What this task involves: Which lines below hold the word "notin"? Report each one.

Records supplied:

text \<open>Sample space: bijections from tails to heads (extensional), uniformly.\<close>
definition Omega :: "(nat \<Rightarrow> nat) \<Rightarrow> (nat \<Rightarrow> nat) \<Rightarrow> nat \<Rightarrow> (halfedge \<Rightarrow> halfedge) set" where
  "Omega din dout n =
     {\<omega> \<in> tails dout n \<rightarrow>\<^sub>E heads din n. bij_betw \<omega> (tails dout n) (heads din n)}"

definition Delta :: "(nat \<Rightarrow> nat) \<Rightarrow> (nat \<Rightarrow> nat) \<Rightarrow> nat \<Rightarrow> nat" where
  "Delta din dout n = Max (din ` {1..n} \<union> dout ` {1..n})"

definition hpar :: "(nat \<Rightarrow> nat) \<Rightarrow> (nat \<Rightarrow> nat) \<Rightarrow> nat \<Rightarrow> int" where
  "hpar din dout n = \<lfloor>ln (real n) / (10 * ln (real (Delta din dout n)))\<rfloor>"

definition wmin :: "nat \<Rightarrow> real" where
  "wmin n = ln (real n) / real n"

text \<open>Exploration state: the list of pairings performed so far (tail, head),
the vertex set of the tree, and for each tree vertex v the number of vertices
(hgt v) on the tree path from the root to v and the inverse product (wgt v) of
the out-degrees of these vertices.  For a tail e in the tree boundary,
h(e) = hgt (fst e) and w(e) = wgt (fst e).\<close>
record expl =
  pairs :: "(halfedge \<times> halfedge) list"
  tree :: "nat set"
  hgt :: "nat \<Rightarrow> nat"
  wgt :: "nat \<Rightarrow> real"

definition init :: "(nat \<Rightarrow> nat) \<Rightarrow> nat \<Rightarrow> expl" where
  "init dout i = \<lparr>pairs = [], tree = {i}, hgt = (\<lambda>_. 1), wgt = (\<lambda>_. 1 / real (dout i))\<rparr>"

definition bdry_out :: "(nat \<Rightarrow> nat) \<Rightarrow> nat \<Rightarrow> expl \<Rightarrow> halfedge set" where
  "bdry_out dout n s = {e \<in> tails dout n. fst e \<in> tree s \<and> e \<notin> fst ` set (pairs s)}"

definition bdry_in :: "(nat \<Rightarrow> nat) \<Rightarrow> nat \<Rightarrow> expl \<Rightarrow> halfedge set" where
  "bdry_in din n s = {f \<in> heads din n. fst f \<in> tree s \<and> f \<notin> snd ` set (pairs s)}"

definition cands ::
  "(nat \<Rightarrow> nat) \<Rightarrow> (nat \<Rightarrow> nat) \<Rightarrow> nat \<Rightarrow> nat \<Rightarrow> expl \<Rightarrow> halfedge set" where
  "cands din dout n t s =
     {e \<in> bdry_out dout n s. int (hgt s (fst e)) < int t - hpar din dout n
                             \<and> wgt s (fst e) > wmin n}"

definition sel ::
  "(nat \<Rightarrow> nat) \<Rightarrow> (nat \<Rightarrow> nat) \<Rightarrow> nat \<Rightarrow> nat \<Rightarrow> (halfedge \<Rightarrow> nat) \<Rightarrow> expl \<Rightarrow> halfedge" where
  "sel din dout n t rk s =
     (ARG_MIN rk e. e \<in> cands din dout n t s \<and>
        (\<forall>e' \<in> cands din dout n t s. wgt s (fst e') \<le> wgt s (fst e)))"

text \<open>One step of the exploration; the head matched to e is omega e, i.e. the
uniformly chosen unmatched head is revealed from the uniform bijection.\<close>
definition step ::
  "(nat \<Rightarrow> nat) \<Rightarrow> (nat \<Rightarrow> nat) \<Rightarrow> nat \<Rightarrow> nat \<Rightarrow> (halfedge \<Rightarrow> nat)
     \<Rightarrow> (halfedge \<Rightarrow> halfedge) \<Rightarrow> expl \<Rightarrow> expl" where
  "step din dout n t rk \<omega> s =
     (if cands din dout n t s = {} then s
      else (let e = sel din dout n t rk s; f = \<omega> e in
        if f \<notin> bdry_in din n s then
          \<lparr>pairs = pairs s @ [(e, f)], tree = insert (fst f) (tree s),
           hgt = (hgt s)(fst f := hgt s (fst e) + 1),
           wgt = (wgt s)(fst f := wgt s (fst e) / real (dout (fst f)))\<rparr>
        else s\<lparr>pairs := pairs s @ [(e, f)]\<rparr>))"

definition state ::
  "(nat \<Rightarrow> nat) \<Rightarrow> (nat \<Rightarrow> nat) \<Rightarrow> nat \<Rightarrow> nat \<Rightarrow> (halfedge \<Rightarrow> nat) \<Rightarrow> nat
     \<Rightarrow> (halfedge \<Rightarrow> halfedge) \<Rightarrow> nat \<Rightarrow> expl" where
  "state din dout n t rk i \<omega> k = (step din dout n t rk \<omega> ^^ k) (init dout i)"

definition kappa ::
  "(nat \<Rightarrow> nat) \<Rightarrow> (nat \<Rightarrow> nat) \<Rightarrow> nat \<Rightarrow> nat \<Rightarrow> (halfedge \<Rightarrow> nat) \<Rightarrow> nat
     \<Rightarrow> (halfedge \<Rightarrow> halfedge) \<Rightarrow> nat" where
  "kappa din dout n t rk i \<omega> = (LEAST k. cands din dout n t (state din dout n t rk i \<omega> k) = {})"

fun Wp ::
  "(nat \<Rightarrow> nat) \<Rightarrow> (nat \<Rightarrow> nat) \<Rightarrow> nat \<Rightarrow> nat \<Rightarrow> (halfedge \<Rightarrow> nat) \<Rightarrow> nat
     \<Rightarrow> (halfedge \<Rightarrow> halfedge) \<Rightarrow> nat \<Rightarrow> real" where
  "Wp din dout n t rk i \<omega> 0 = 0"
| "Wp din dout n t rk i \<omega> (Suc k) =
     Wp din dout n t rk i \<omega> k +
     (let s = state din dout n t rk i \<omega> k; e = sel din dout n t rk s in
      if k < kappa din dout n t rk i \<omega> \<and> \<omega> e \<in> bdry_in din n s
      then wgt s (fst e) else 0)"

end

theory Submission
  imports Defs "HOL-Real_Asymp.Real_Asymp"
begin

text \<open>The exploration is greedy: tails are paired in order of non-increasing weight. A potential
  argument shows that the tail paired in step k weighs at most 2/(k+1); as paired tails weigh more
  than ln n / n, the exploration stops within N \<approx> 2n / ln n steps, and W(\<kappa>) - W(K) is at most
  the sum of 2/(j+1) over the collision steps j \<ge> K. Given the past, the head paired in step j is
  uniform among the at least n unmatched heads, at most D(j+1) of which lie in the tree, so a
  collision has conditional probability at most D(j+1)/n. Since 2/(K+1) < \<epsilon>, on the event either
  two collisions occur in the steps K..L-1, L \<approx> ln n, or the collisions after L carry weight at
  least \<epsilon> - 2/(K+1). Either way a weighted exponential moment of the collision indicators exceeds
  n^(3/2), while its mean is bounded; Markov's inequality gives the probability O(n^(-3/2)).\<close>

subsection \<open>Real-valued estimates\<close>

lemma exp_half_le_one_plus:
  fixes y :: real
  assumes "0 \<le> y" "y \<le> 1"
  shows "exp (y / 2) \<le> 1 + y"
proof -
  have "exp (y / 2) \<le> 1 + y / 2 + (y / 2)\<^sup>2"
    using exp_bound[of "y / 2"] assms by simp
  also have "\<dots> \<le> 1 + y"
    using assms mult_left_le_one_le[of y y] by (simp add: power2_eq_square field_simps)
  finally show ?thesis .
qed
lemma resultant_sub_eq_0_imp_combination:
  fixes p q :: "'a::{idom, ring_char_0} poly"
  assumes dp: "degree p \<le> m" and dq: "degree q \<le> n" and res: "resultant_sub m n p q = 0"
  obtains a b where "a \<noteq> 0 \<or> b \<noteq> 0" "a \<noteq> 0 \<longrightarrow> degree a < n" "b \<noteq> 0 \<longrightarrow> degree b < m"
    "a * p + b * q = 0"
proof -
  let ?M = "sylvester_mat_sub m n p q"
  have MT: "?M\<^sup>T \<in> carrier_mat (m + n) (m + n)"
    using sylvester_mat_sub_carrier by simp
  have "det (?M\<^sup>T) = 0"
    using det_transpose[OF sylvester_mat_sub_carrier[of m n p q]] res unfolding resultant_sub_def by simp
  then obtain w where w: "w \<in> carrier_vec (m + n)" "w \<noteq> 0\<^sub>v (m + n)" "?M\<^sup>T *\<^sub>v w = 0\<^sub>v (m + n)"
    using det_0_iff_vec_prod_zero[OF MT] by blast
  have col: "(\<Sum>i<m + n. ?M $$ (i, j) * w $ i) = 0" if "j < m + n" for j
  proof -
    have "(?M\<^sup>T *\<^sub>v w) $ j = (\<Sum>i<m + n. ?M $$ (i, j) * w $ i)"
      using that w(1) by (simp add: mult_mat_vec_def scalar_prod_def lessThan_atLeast0 col_def)
    with w(3) that show ?thesis by simp
  qed
  define a where "a = (\<Sum>k<n. monom (w $ (n - 1 - k)) k)"
  define b where "b = (\<Sum>k<m. monom (w $ (n + (m - 1 - k))) k)"
  have coeff_a: "coeff a k = (if k < n then w $ (n - 1 - k) else 0)" for k
    by (simp add: a_def coeff_sum coeff_monom)
  have coeff_b: "coeff b k = (if k < m then w $ (n + (m - 1 - k)) else 0)" for k
    by (simp add: b_def coeff_sum coeff_monom)
  have "poly (a * p + b * q) x = 0" for x
    unfolding a_def b_def by (rule sylvester_mat_sub_left_kernel[OF dp dq col])
  then have comb: "a * p + b * q = 0" using poly_all_0_iff_0 by blast
  have nonzero: "a \<noteq> 0 \<or> b \<noteq> 0"
  proof -
    obtain i where i: "i < m + n" "w $ i \<noteq> 0" using w(1,2) by (auto simp: vec_eq_iff)
    show ?thesis
    proof (cases "i < n")
      case True
      then have "coeff a (n - 1 - i) = w $ i" by (auto simp: coeff_a)
      then show ?thesis using i by auto
    next
      case False
      with i have "coeff b (m - 1 - (i - n)) = w $ i" by (auto simp: coeff_b)
      then show ?thesis using i by auto
    qed
  qed
  have "a \<noteq> 0 \<longrightarrow> degree a < n"
    using coeff_a[of "degree a"] by (cases "degree a < n") auto
  moreover have "b \<noteq> 0 \<longrightarrow> degree b < m"
    using coeff_b[of "degree b"] by (cases "degree b < m") auto
  ultimately show ?thesis by (rule that[OF nonzero _ _ comb])
qed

Result of this exercise:
  "bdry_out dout n s = {e \<in> tails dout n. fst e \<in> tree s \<and> e \<notin> fst ` set (pairs s)}"
  "bdry_in din n s = {f \<in> heads din n. fst f \<in> tree s \<and> f \<notin> snd ` set (pairs s)}"
        if f \<notin> bdry_in din n s then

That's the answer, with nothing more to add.